### TASK DIRECTIONS
Take the material below and restate it word for word, stopping after the line in which "(auto simp: sumset_def)" occurs.
BEGIN DATA PROVIDED
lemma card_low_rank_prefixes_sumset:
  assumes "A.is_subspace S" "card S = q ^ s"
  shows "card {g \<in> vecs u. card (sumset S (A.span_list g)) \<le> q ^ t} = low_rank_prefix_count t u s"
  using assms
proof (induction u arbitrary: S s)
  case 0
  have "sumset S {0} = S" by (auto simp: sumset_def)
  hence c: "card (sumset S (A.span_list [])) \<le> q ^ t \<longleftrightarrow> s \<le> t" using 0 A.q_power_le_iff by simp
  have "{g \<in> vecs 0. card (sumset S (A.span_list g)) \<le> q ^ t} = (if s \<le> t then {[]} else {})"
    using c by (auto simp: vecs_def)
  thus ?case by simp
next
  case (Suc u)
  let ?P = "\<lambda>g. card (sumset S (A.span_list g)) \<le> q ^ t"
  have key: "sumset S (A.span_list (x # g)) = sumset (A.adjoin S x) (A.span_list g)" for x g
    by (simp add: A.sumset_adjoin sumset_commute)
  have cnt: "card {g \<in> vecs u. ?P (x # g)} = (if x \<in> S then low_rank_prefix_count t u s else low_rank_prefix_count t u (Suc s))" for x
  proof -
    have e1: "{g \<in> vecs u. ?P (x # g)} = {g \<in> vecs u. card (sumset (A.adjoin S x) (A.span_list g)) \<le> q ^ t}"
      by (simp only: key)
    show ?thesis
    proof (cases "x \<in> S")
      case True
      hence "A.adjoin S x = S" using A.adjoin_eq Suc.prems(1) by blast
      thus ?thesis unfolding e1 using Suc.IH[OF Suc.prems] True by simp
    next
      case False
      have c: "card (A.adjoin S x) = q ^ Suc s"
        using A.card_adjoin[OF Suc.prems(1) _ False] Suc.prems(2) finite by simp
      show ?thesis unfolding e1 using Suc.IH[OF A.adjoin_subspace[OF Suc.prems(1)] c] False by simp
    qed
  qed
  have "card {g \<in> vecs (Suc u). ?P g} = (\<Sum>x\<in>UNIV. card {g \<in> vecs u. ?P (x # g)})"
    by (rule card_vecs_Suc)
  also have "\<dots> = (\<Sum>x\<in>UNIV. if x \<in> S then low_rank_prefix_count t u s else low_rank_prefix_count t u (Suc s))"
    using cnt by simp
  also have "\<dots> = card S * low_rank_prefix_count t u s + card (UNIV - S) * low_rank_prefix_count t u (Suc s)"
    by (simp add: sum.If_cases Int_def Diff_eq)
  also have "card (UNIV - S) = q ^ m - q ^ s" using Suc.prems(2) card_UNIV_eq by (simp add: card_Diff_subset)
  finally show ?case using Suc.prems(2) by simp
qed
END DATA PROVIDED
### ANSWER TO THIS EXERCISE
lemma card_low_rank_prefixes_sumset:
  assumes "A.is_subspace S" "card S = q ^ s"
  shows "card {g \<in> vecs u. card (sumset S (A.span_list g)) \<le> q ^ t} = low_rank_prefix_count t u s"
  using assms
proof (induction u arbitrary: S s)
  case 0
  have "sumset S {0} = S" by (auto simp: sumset_def)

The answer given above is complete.